La resolución judicial que admite que una víctima fue fusilada de manera injusta y tras un juicio sin garantías abre la puerta a que otros juzgados hagan lo mismo.

Carolina Martínez, nieta del fusilado por el franquismo José Manuel Elías Murcia, consiguió en febrero ser la primera familiar de una víctima escuchada en sede judicial. Ahora, el 8 de junio, el juzgado de instrucción número 5 de Paterna ha reconocido en un auto que su abuelo fue fusilado por el régimen franquista y condenado sin haber cometido delito alguno, tras un proceso sin las debidas garantías.

Queda así plena constancia de la injusticia sufrida por la víctima. Aunque la causa ha sido sobreseída porque no queda ninguna persona viva contra la que dirigir la acusación, la verdad judicial establece unos hechos que considera probados. Su abuelo fue fusilado en el Terrer de Paterna el día 6 de noviembre de 1939 y posteriormente arrojado a la fosa 94 del cementerio de la localidad, todo ello en un contexto de crímenes contra la humanidad cometidos por y durante la dictadura franquista.

“Esta resolución se plantea sobre la base de tres hechos que son muy importantes para las víctimas de la dictadura. El primero es que a Carolina Martínez le toma declaración una jueza y la escucha en sede judicial. El segundo es que se investiga y la jueza solicita informes al archivo correspondiente. Y, en tercer lugar, otro hecho importante es que la fiscal de Memoria Democrática realiza un informe que la jueza tiene en cuenta. Ese informe se basa en la Ley de Memoria Democrática y en la existencia de jurisdicción internacional que establece que estos crímenes deben ser juzgados y que no prescriben”, resume para CTXT Lucila Aragó, portavoz de Acció Ciutadana contra la Impunitat del Franquisme, ACCIF, que ha presentado decenas de denuncias por crímenes del franquismo en diferentes juzgados del Estado español.

Para Carolina Martínez, que lleva más de una década reclamando verdad, justicia y reparación para su abuelo, este logro es “un pasito más”. Martínez nos atiende telefónicamente y nos cuenta que, “por lo menos, la justicia ha reconocido que fue un asesinato y ha dejado la puerta abierta para posibles demandas”. Reconoce que lo que buscaba era “un poco de justicia para el honor de mi abuelo y de todas estas personas que sufrieron tantas barbaridades”. “En mi familia lo pasaron muy mal. Las personas que firmaron su pena de muerte ya sabemos que están todas muertas. Pero igual que les pusieron condecoraciones habría que poder señalar lo que hicieron mal y el daño que provocaron a mucha gente”, añade.

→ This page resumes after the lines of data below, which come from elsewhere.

(* Let $G\rightrightarrows X$ be a locally compact groupoid whose anchor $(t,s):G\to X\times X$ is proper, whose isotropy groups are Lie groups, and whose isotropy bundle admits continuous local cross-sections through each arrow. Suppose $X$ is connected and locally connected. Let $E\to X$ be a locally trivial Banach bundle of locally finite rank and $R:s^*E\to t^*E$ a representation of $G$ on $E$. If $R$ is trivial at some $x\in X$ (i.e. $R(g)=\mathrm{id}$ for all $g\in G(x)$), then $R$ is trivial at every point of $X$.
   Context: A locally compact groupoid is a topological groupoid (source $s$, target $t$, units $1x$) with locally compact Hausdorff arrow space and a continuous left Haar system (Radon measures $\mu^x$ with support $t^{-1}(x)$, left invariant, $x\mapsto\int\varphi\,d\mu^x$ continuous for $\varphi\in C_c(G)$). $G(x)=s^{-1}(x)\cap t^{-1}(x)$. "Isotropy bundle admits continuous local cross-sections through each arrow": for every $x$ and $g\in G(x)$ there are an open $U\ni x$ and a continuous $\gamma:U\to G$ with $\gamma(u)\in G(u)$ and $\gamma(x)=g$. Banach bundle (Fell): Hausdorff space $E$ with continuous open surjection $p:E\to X$, continuous fiberwise real vector operations, continuous norm making fibers Banach spaces, nets $e_i$ with $pe_i\to x$, $|e_i|\to0$ converging to $0_x$. Locally trivial of locally finite rank: each point has an open neighborhood $U$ and an isomorphism of Banach bundles $U\times\mathbb R^n\cong E|U$ over $\mathrm{id}_U$. A representation of $G$ on $E$ is a continuous fiberwise linear map $R:s^*E\to t^*E$ over $\mathrm{id}_G$ (operators $R(g):E_{sg}\to E_{tg}$) with $R(1x)=\mathrm{id}$ and $R(gh)=R(g)R(h)$. *)

theory Defs
  imports "HOL-Analysis.Analysis"
begin

text \<open>Arrows have type 'g, objects type 'x; s = source, t = target, u = unit map
  (x maps to 1x), m = partial multiplication (m g h defined when s g = t h), i = inverse.\<close>

definition topological_groupoid ::
  "('g::topological_space \<Rightarrow> 'x::topological_space) \<Rightarrow> ('g \<Rightarrow> 'x) \<Rightarrow> ('x \<Rightarrow> 'g)
   \<Rightarrow> ('g \<Rightarrow> 'g \<Rightarrow> 'g) \<Rightarrow> ('g \<Rightarrow> 'g) \<Rightarrow> bool" where
  "topological_groupoid s t u m i \<longleftrightarrow>
     (\<forall>x. s (u x) = x \<and> t (u x) = x)
   \<and> (\<forall>g h. s g = t h \<longrightarrow> s (m g h) = s h \<and> t (m g h) = t g)
   \<and> (\<forall>g h k. s g = t h \<and> s h = t k \<longrightarrow> m (m g h) k = m g (m h k))
   \<and> (\<forall>g. m (u (t g)) g = g \<and> m g (u (s g)) = g)
   \<and> (\<forall>g. s (i g) = t g \<and> t (i g) = s g \<and> m (i g) g = u (s g) \<and> m g (i g) = u (t g))
   \<and> continuous_on UNIV s \<and> continuous_on UNIV t \<and> continuous_on UNIV u
   \<and> continuous_on UNIV i
   \<and> continuous_on {(g, h). s g = t h} (\<lambda>(g, h). m g h)"

definition isotropy :: "('g \<Rightarrow> 'x) \<Rightarrow> ('g \<Rightarrow> 'x) \<Rightarrow> 'x \<Rightarrow> 'g set" where
  "isotropy s t x = {g. s g = x \<and> t g = x}"

definition radon_measure :: "'g::topological_space measure \<Rightarrow> bool" where
  "radon_measure M \<longleftrightarrow>
     sets M = sets borel
   \<and> (\<forall>K. compact K \<longrightarrow> emeasure M K < \<infinity>)
   \<and> (\<forall>A \<in> sets borel. emeasure M A = (INF U \<in> {U. open U \<and> A \<subseteq> U}. emeasure M U))
   \<and> (\<forall>U. open U \<longrightarrow> emeasure M U = (SUP K \<in> {K. compact K \<and> K \<subseteq> U}. emeasure M K))"

definition measure_support :: "'g::topological_space measure \<Rightarrow> 'g set" where
  "measure_support M = {g. \<forall>U. open U \<and> g \<in> U \<longrightarrow> emeasure M U > 0}"

definition Cc :: "('g::topological_space \<Rightarrow> real) \<Rightarrow> bool" where
  "Cc \<phi> \<longleftrightarrow> continuous_on UNIV \<phi> \<and> compact (closure {g. \<phi> g \<noteq> 0})"

definition left_haar_system ::
  "('g::topological_space \<Rightarrow> 'x::topological_space) \<Rightarrow> ('g \<Rightarrow> 'x)
   \<Rightarrow> ('g \<Rightarrow> 'g \<Rightarrow> 'g) \<Rightarrow> ('x \<Rightarrow> 'g measure) \<Rightarrow> bool" where
  "left_haar_system s t m \<mu> \<longleftrightarrow>
     (\<forall>x. radon_measure (\<mu> x) \<and> measure_support (\<mu> x) = {g. t g = x})
   \<and> (\<forall>\<phi>. Cc \<phi> \<longrightarrow>
        (\<forall>g. integral\<^sup>L (\<mu> (s g)) (\<lambda>h. \<phi> (m g h)) = integral\<^sup>L (\<mu> (t g)) \<phi>)
      \<and> continuous_on UNIV (\<lambda>x. integral\<^sup>L (\<mu> x) \<phi>))"

definition locally_compact_groupoid ::
  "('g::t2_space \<Rightarrow> 'x::topological_space) \<Rightarrow> ('g \<Rightarrow> 'x) \<Rightarrow> ('x \<Rightarrow> 'g)
   \<Rightarrow> ('g \<Rightarrow> 'g \<Rightarrow> 'g) \<Rightarrow> ('g \<Rightarrow> 'g) \<Rightarrow> bool" where
  "locally_compact_groupoid s t u m i \<longleftrightarrow>
     topological_groupoid s t u m i
   \<and> locally_compact_space (euclidean :: 'g topology)
   \<and> (\<exists>\<mu>. left_haar_system s t m \<mu>)"

definition proper_anchor :: "('g::topological_space \<Rightarrow> 'x::topological_space) \<Rightarrow> ('g \<Rightarrow> 'x) \<Rightarrow> bool" where
  "proper_anchor s t \<longleftrightarrow> (\<forall>K :: ('x \<times> 'x) set. compact K \<longrightarrow> compact {g. (t g, s g) \<in> K})"

definition isotropy_local_sections ::
  "('g::topological_space \<Rightarrow> 'x::topological_space) \<Rightarrow> ('g \<Rightarrow> 'x) \<Rightarrow> bool" where
  "isotropy_local_sections s t \<longleftrightarrow>
     (\<forall>x g. g \<in> isotropy s t x \<longrightarrow>
        (\<exists>U \<gamma>. open U \<and> x \<in> U \<and> continuous_on U \<gamma>
               \<and> (\<forall>y\<in>U. \<gamma> y \<in> isotropy s t y) \<and> \<gamma> x = g))"

text \<open>R^n is represented as the functions nat => real vanishing from index n on,
  with the (product = Euclidean) topology.\<close>
definition euclid :: "nat \<Rightarrow> (nat \<Rightarrow> real) set" where
  "euclid n = {v. \<forall>j\<ge>n. v j = 0}"

definition dquot :: "((nat \<Rightarrow> real) \<Rightarrow> real) \<Rightarrow> (nat \<Rightarrow> real) \<Rightarrow> nat \<Rightarrow> real \<Rightarrow> real" where
  "dquot f v j h = (f (v(j := v j + h)) - f v) / h"

definition partial_deriv :: "nat \<Rightarrow> ((nat \<Rightarrow> real) \<Rightarrow> real) \<Rightarrow> (nat \<Rightarrow> real) \<Rightarrow> real" where
  "partial_deriv j f v = Lim (at 0) (dquot f v j)"

fun Ck :: "nat \<Rightarrow> nat \<Rightarrow> (nat \<Rightarrow> real) set \<Rightarrow> ((nat \<Rightarrow> real) \<Rightarrow> real) \<Rightarrow> bool" where
  "Ck n 0 U f = continuous_on U f"
| "Ck n (Suc k) U f =
     (continuous_on U f
      \<and> (\<forall>j<n. \<forall>v\<in>U. \<exists>L. (dquot f v j \<longlongrightarrow> L) (at 0))
      \<and> (\<forall>j<n. Ck n k U (partial_deriv j f)))"

definition smooth_fun :: "nat \<Rightarrow> (nat \<Rightarrow> real) set \<Rightarrow> ((nat \<Rightarrow> real) \<Rightarrow> real) \<Rightarrow> bool" where
  "smooth_fun n U f \<longleftrightarrow> (\<forall>k. Ck n k U f)"

definition smooth_map :: "nat \<Rightarrow> nat \<Rightarrow> (nat \<Rightarrow> real) set \<Rightarrow> ((nat \<Rightarrow> real) \<Rightarrow> (nat \<Rightarrow> real)) \<Rightarrow> bool" where
  "smooth_map n m U f \<longleftrightarrow> (\<forall>j<m. smooth_fun n U (\<lambda>v. f v j))"

definition chart :: "'a::topological_space set \<Rightarrow> nat \<Rightarrow> 'a set \<Rightarrow> ('a \<Rightarrow> nat \<Rightarrow> real) \<Rightarrow> bool" where
  "chart M n W \<phi> \<longleftrightarrow>
     W \<subseteq> M \<and> openin (top_of_set M) W
   \<and> \<phi> ` W \<subseteq> euclid n \<and> openin (top_of_set (euclid n)) (\<phi> ` W)
   \<and> inj_on \<phi> W \<and> continuous_on W \<phi> \<and> continuous_on (\<phi> ` W) (the_inv_into W \<phi>)"

definition smooth_atlas :: "'a::topological_space set \<Rightarrow> nat \<Rightarrow> ('a set \<times> ('a \<Rightarrow> nat \<Rightarrow> real)) set \<Rightarrow> bool" where
  "smooth_atlas M n A \<longleftrightarrow>
     (\<forall>(W, \<phi>) \<in> A. chart M n W \<phi>)
   \<and> M \<subseteq> \<Union> (fst ` A)
   \<and> (\<forall>(W1, \<phi>1) \<in> A. \<forall>(W2, \<phi>2) \<in> A.
        smooth_map n n (\<phi>1 ` (W1 \<inter> W2)) (\<phi>2 \<circ> the_inv_into W1 \<phi>1))"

Entre el final de la guerra y el año 1957, el franquismo fusiló en Paterna al menos a 2.238 personas procedentes de diferentes lugares del País Valencià y de otras regiones, que fueron arrojadas a más de cien fosas del cementerio. “Yo no me conformaba con encontrar solo a mi abuelo y llevármelo”, continúa Martínez, cuya familia constituyó en 2016 la Asociación de Víctimas de la fosa 94. Gracias al impulso de más familias y al trabajo de la asociación científica ArqueoAntro se pudo acometer la exhumación en el año 2018 y, tras el cotejo del ADN, se lograron recuperar los restos óseos de su abuelo en el año 2022. “Ha sido lo más grande que hemos hecho, encontrar a mi abuelo y llevármelo. Mi madre y mi abuela estarían muy orgullosas. Pero no me podía parar ahí. Tenía que seguir adelante, porque después de 80 años pensamos que estas personas necesitan más, mucho más, no solo recuperar los cuerpos”, concluye.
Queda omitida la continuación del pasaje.